Despite the recent successes of large, pretrained neural language models (LLMs), comparatively little is known about the representations of linguistic structure they learn during pretraining, which can lead to unexpected behaviors in response to prompt variation or distribution shift. To better understand these models and behaviors, we introduce a general model analysis framework to study LLMs with respect to their representation and use of human-interpretable linguistic properties.
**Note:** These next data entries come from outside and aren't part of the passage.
(* Fix a client $k$ and $\lambda\in[0,1)$. Let $\mathcal H\subseteq\mathbb R^n$ be a closed convex parameter set of diameter at most $R$. Let $\widehat{\mathcal D}_k$ be an empirical distribution of $m_k$ samples and $\widehat{\mathcal C}$ an empirical distribution of $m_C$ samples. Assume that for every sample $z$ the per-sample loss $h\mapsto \ell(h,z)$ is $\mu$-strongly convex on $\mathcal H$ and has (sub)gradients of norm at most $G$ on $\mathcal H$. Define \[ g(h)=\lambda\,\mathcal L_{\widehat{\mathcal D}_k}(h)+(1-\lambda)\,\mathcal L_{\widehat{\mathcal C}}(h),\qquad h_{\widehat\lambda}=\arg\min_{h\in\mathcal H}g(h),\qquad h_c=\arg\min_{h\in\mathcal H}\mathcal L_{\widehat{\mathcal C}}(h), \] and $\epsilon_\lambda=\sqrt{\frac{\lambda^2}{m_k}+\frac{(1-\lambda)^2}{m_C}}$. Let \[ r\ge G^2\left(\frac{4G}{\mu}+2R\right)^2,\qquad \eta=\frac{1}{G\sqrt{r m_k}}\min\left(\frac{2G\lambda}{\mu(1-\lambda)},R\right). \] Run $T=r\,m_k$ steps of projected stochastic gradient descent on $g$ with step size $\eta$, starting from $h_c$, where at each step one independently selects $\widehat{\mathcal D}_k$ with probability $\lambda$ and $\widehat{\mathcal C}$ with probability $1-\lambda$, draws a uniformly random sample from the selected empirical distribution, and uses the gradient of the loss at that sample; let $h_A$ be the average of the iterates. Then \[ \mathbb E\big[g(h_A)\big]\le g(h_{\widehat\lambda})+\epsilon_\lambda, \] where the expectation is over the randomness of the SGD sampling.
   Context: This is the analysis of the data-interpolation scheme for personalization: a client with local empirical data $\widehat{\mathcal D}_k$ trains on a $\lambda$-mixture of its local data and global/cluster data $\widehat{\mathcal C}$, starting from the central model $h_c$. For a (empirical) distribution $\mathcal D$, $\mathcal L_{\mathcal D}(h)=\mathbb E_{z\sim\mathcal D}[\ell(h,z)]$, where hypotheses are identified with their parameter vectors $h\in\mathcal H$. *)

theory Defs
  imports "HOL-Analysis.Analysis" "HOL-Probability.Probability"
begin

definition strongly_convex_on :: "real \<Rightarrow> 'a::real_inner set \<Rightarrow> ('a \<Rightarrow> real) \<Rightarrow> bool" where
  "strongly_convex_on \<mu> S f \<longleftrightarrow>
     (\<forall>x\<in>S. \<forall>y\<in>S. \<forall>t::real. 0 \<le> t \<and> t \<le> 1 \<longrightarrow>
        f ((1 - t) *\<^sub>R x + t *\<^sub>R y)
          \<le> (1 - t) * f x + t * f y - \<mu> / 2 * t * (1 - t) * (norm (x - y))\<^sup>2)"

definition is_subgradient_on :: "'a::real_inner set \<Rightarrow> ('a \<Rightarrow> real) \<Rightarrow> 'a \<Rightarrow> 'a \<Rightarrow> bool" where
  "is_subgradient_on S f x v \<longleftrightarrow> (\<forall>y\<in>S. f y \<ge> f x + inner v (y - x))"

definition emp_loss :: "('a \<Rightarrow> 'z \<Rightarrow> real) \<Rightarrow> 'z list \<Rightarrow> 'a \<Rightarrow> real" where
  "emp_loss l zs h = (\<Sum>i<length zs. l h (zs ! i)) / real (length zs)"

definition uniform_sample :: "'z list \<Rightarrow> 'z pmf" where
  "uniform_sample zs = map_pmf (\<lambda>i. zs ! i) (pmf_of_set {..<length zs})"

definition mixture_sample :: "real \<Rightarrow> 'z list \<Rightarrow> 'z list \<Rightarrow> 'z pmf" where
  "mixture_sample lam zk zC =
     bind_pmf (bernoulli_pmf lam) (\<lambda>b. if b then uniform_sample zk else uniform_sample zC)"

fun iid_list :: "'z pmf \<Rightarrow> nat \<Rightarrow> 'z list pmf" where
  "iid_list p 0 = return_pmf []"
| "iid_list p (Suc n) = bind_pmf p (\<lambda>z. map_pmf (Cons z) (iid_list p n))"

definition psgd_step :: "'a::euclidean_space set \<Rightarrow> ('a \<Rightarrow> 'z \<Rightarrow> 'a) \<Rightarrow> real \<Rightarrow> 'a \<Rightarrow> 'z \<Rightarrow> 'a" where
  "psgd_step H grad eta h z = closest_point H (h - eta *\<^sub>R grad h z)"

fun psgd_path :: "'a::euclidean_space set \<Rightarrow> ('a \<Rightarrow> 'z \<Rightarrow> 'a) \<Rightarrow> real \<Rightarrow> 'a \<Rightarrow> 'z list \<Rightarrow> 'a list" where
  "psgd_path H grad eta h [] = [h]"
| "psgd_path H grad eta h (z # zs) = h # psgd_path H grad eta (psgd_step H grad eta h z) zs"

text \<open>Averaged output of T steps: average of the iterates h_0, ..., h_{T-1}.\<close>
definition psgd_avg :: "'a::euclidean_space set \<Rightarrow> ('a \<Rightarrow> 'z \<Rightarrow> 'a) \<Rightarrow> real \<Rightarrow> 'a \<Rightarrow> 'z list \<Rightarrow> 'a" where
  "psgd_avg H grad eta h0 zs =
     (1 / real (length zs)) *\<^sub>R (\<Sum>t<length zs. psgd_path H grad eta h0 zs ! t)"

end

theory Submission
  imports Defs
begin

(* Projected SGD on i.i.d. draws from the lam-mixture is a stochastic subgradient method for
   g = E_mixture l, so the classical potential argument (squared distance to h_lam) together with
   Jensen for the averaged iterate gives E g(h_A) <= g(h_lam) + D^2/(2 eta T) + eta G^2/2,
    where D = |h_c - h_lam|.  Starting at the central minimizer keeps D small: g and L_C are
   mu-strongly convex while L_Dk is G-Lipschitz, so D <= 2 G lam / (mu (1 - lam)), and D <= R.
   With B = min (2 G lam / (mu (1 - lam))) R the step size balances the two error terms to
   B G / sqrt T, and the lower bound on r turns this into lam / sqrt m_k <= eps_lam. *)

lemma expectation_mono_finite_pmf:
  fixes f g :: "'a \<Rightarrow> real"
  assumes "finite (set_pmf M)" and "\<And>x. x \<in> set_pmf M \<Longrightarrow> f x \<le> g x"
  shows "measure_pmf.expectation M f \<le> measure_pmf.expectation M g"
  using assms by (intro integral_mono_AE) (auto simp: integrable_measure_pmf_finite AE_measure_pmf_iff)

lemma expectation_bind_pmf_finite:
  fixes f :: "'b \<Rightarrow> real"
  assumes "finite (set_pmf M)" and "\<And>x. x \<in> set_pmf M \<Longrightarrow> finite (set_pmf (N x))"
  shows "measure_pmf.expectation (bind_pmf M N) f
           = measure_pmf.expectation M (\<lambda>x. measure_pmf.expectation (N x) f)"
  using assms
  by (simp add: pmf_expectation_bind[of "set_pmf M"] integral_measure_pmf_real[of "set_pmf M"]
      mult.commute)

lemma set_pmf_uniform_sample: "zs \<noteq> [] \<Longrightarrow> set_pmf (uniform_sample zs) = set zs"
  unfolding uniform_sample_def by (auto simp: set_pmf_of_set lessThan_empty_iff in_set_conv_nth)

lemma expectation_uniform_sample:
  "zs \<noteq> [] \<Longrightarrow> measure_pmf.expectation (uniform_sample zs) (l h) = emp_loss l zs h"
  unfolding uniform_sample_def emp_loss_def by (simp add: integral_pmf_of_set lessThan_empty_iff)

lemma finite_set_pmf_mixture_sample:
  "zk \<noteq> [] \<Longrightarrow> zC \<noteq> [] \<Longrightarrow> finite (set_pmf (mixture_sample lam zk zC))"
  unfolding mixture_sample_def by (auto simp: set_pmf_uniform_sample)

lemma expectation_mixture_sample:
  assumes "0 \<le> lam" "lam \<le> 1" "zk \<noteq> []" "zC \<noteq> []"
  shows "measure_pmf.expectation (mixture_sample lam zk zC) (l h)
           = lam * emp_loss l zk h + (1 - lam) * emp_loss l zC h"
  unfolding mixture_sample_def using assms
  by (subst expectation_bind_pmf_finite) (auto simp: set_pmf_uniform_sample expectation_uniform_sample)

lemma finite_set_pmf_iid_list: "finite (set_pmf p) \<Longrightarrow> finite (set_pmf (iid_list p n))"
  by (induction n) auto

lemma length_in_set_pmf_iid_list: "zs \<in> set_pmf (iid_list p n) \<Longrightarrow> length zs = n"
  by (induction n arbitrary: zs) auto

lemma strongly_convex_onD:
  assumes "strongly_convex_on \<mu> S f" "x \<in> S" "y \<in> S" "0 \<le> t" "t \<le> 1"
  shows "f ((1 - t) *\<^sub>R x + t *\<^sub>R y)
           \<le> (1 - t) * f x + t * f y - \<mu> / 2 * t * (1 - t) * (norm (x - y))\<^sup>2"
  using assms unfolding strongly_convex_on_def by blast

lemma strongly_convex_on_expectation:
  assumes q: "finite (set_pmf q)" and sc: "\<And>z. strongly_convex_on \<mu> S (\<lambda>h. l h z)"
  shows "strongly_convex_on \<mu> S (\<lambda>h. measure_pmf.expectation q (l h))"
  unfolding strongly_convex_on_def
proof (intro ballI allI impI)
  fix x y and t :: real
  assume "x \<in> S" "y \<in> S" "0 \<le> t \<and> t \<le> 1"
  then have "l ((1 - t) *\<^sub>R x + t *\<^sub>R y) z
               \<le> (1 - t) * l x z + t * l y z - \<mu> / 2 * t * (1 - t) * (norm (x - y))\<^sup>2" for z
    using strongly_convex_onD[OF sc] by blast
  then have "measure_pmf.expectation q (l ((1 - t) *\<^sub>R x + t *\<^sub>R y))
      \<le> measure_pmf.expectation q
           (\<lambda>z. (1 - t) * l x z + t * l y z - \<mu> / 2 * t * (1 - t) * (norm (x - y))\<^sup>2)"
    by (intro expectation_mono_finite_pmf q)
  then show "measure_pmf.expectation q (l ((1 - t) *\<^sub>R x + t *\<^sub>R y))
      \<le> (1 - t) * measure_pmf.expectation q (l x) + t * measure_pmf.expectation q (l y)
         - \<mu> / 2 * t * (1 - t) * (norm (x - y))\<^sup>2"
    by (simp add: integrable_measure_pmf_finite[OF q])
qed

text \<open>Only the midpoint inequality is used, hence mu/4 rather than the sharp mu/2.\<close>
lemma strongly_convex_on_minimizer_growth:
  assumes "convex S" "strongly_convex_on \<mu> S f"
    and x: "x \<in> S" "\<forall>y\<in>S. f x \<le> f y" and y: "y \<in> S"
  shows "\<mu> / 4 * (norm (y - x))\<^sup>2 \<le> f y - f x"
proof -
  have "(1 - 1/2) *\<^sub>R x + (1/2) *\<^sub>R y \<in> S"
    using convexD[OF \<open>convex S\<close> x(1) y] by simp
  then have "f x \<le> f ((1 - 1/2) *\<^sub>R x + (1/2) *\<^sub>R y)"
    using x(2) by blast
  also have "\<dots> \<le> (1 - 1/2) * f x + 1/2 * f y - \<mu> / 2 * (1/2) * (1 - 1/2) * (norm (x - y))\<^sup>2"
    using strongly_convex_onD[OF assms(2) x(1) y, of "1/2"] by simp
  finally show ?thesis by (simp add: norm_minus_commute)
qed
Our framework, CALM (Competence-based Analysis of Language Models), is designed to investigate LLM competence in the context of specific tasks by intervening on models' internal representations of different linguistic properties using causal probing, and measuring models' alignment under these interventions with a given ground-truth causal model of the task. We also develop a new approach for performing causal probing interventions using gradient-based adversarial attacks, which can target a broader range of properties and representations than prior techniques. Finally, we carry out a case study of CALM using these interventions to analyze and compare LLM competence across a variety of lexical inference tasks, showing that CALM can be used to explain behaviors across these tasks.
Paper Structure (45 sections, 6 equations, 5 figures)

This paper contains 45 sections, 6 equations, 5 figures.

Figures (5)

  • Figure 1: Structural causal model (SCM) of task ${\mathcal{T}}$'s data-generating process and how it may be performed by model $M$. Shaded and white nodes denote observed and unobserved variables, respectively. In CALM, the goal is to determine which representations $Z_j = z_j$ are causally implicated in $M$'s predictions $\hat{\mathbf{y}}$.
  • Figure 2: SCM of a competent English speaker on the hypernym prediction task. Shaded and white nodes denote observed and unobserved variables, respectively.
  • Figure 3: Gradient-Based Interventions. Input tokens $\mathbf{x} = (x_1, ..., x_{|\mathbf{x}|})$ are passed through layers $L = 1, ..., l$, where embedding $\mathbf{h}_i^l$ (encoding the value $Z = z$) is extracted from layer $l$ and given to $g_Z$ as input. Next, the embedding is modified by gradient-based attacks on $g_Z$ to encode the counterfactual value $Z = z'$, then fed back into subsequent layers $L = l+1, ..., |L|$ and language modeling head $f_{\text{LM}}$ to obtain the intervened predictions $M(\mathbf{x} | \mathop{\mathrm{do}}\limits(Z = z'))$.
  • Figure 4: Performance (left) and competence (right) of BERT (left bars) and RoBERTa (right bars) for all tasks, using FGSM with $\epsilon = 0.1$. In the competence plot, y-values are the average competence score and error bars are the maximum and minimum competence score, as measured over 10 experimental iterations (each with a different randomly-initialized probe $g_Z$).
  • Figure 5: Competence of BERT (left bars) and RoBERTa (right bars) for all tasks, using PGD with $\epsilon = 0.1$. Y-values are the average competence score and error bars are the maximum and minimum competence score, as measured over 10 experimental iterations (each with a different randomly-initialized probe $g_Z$).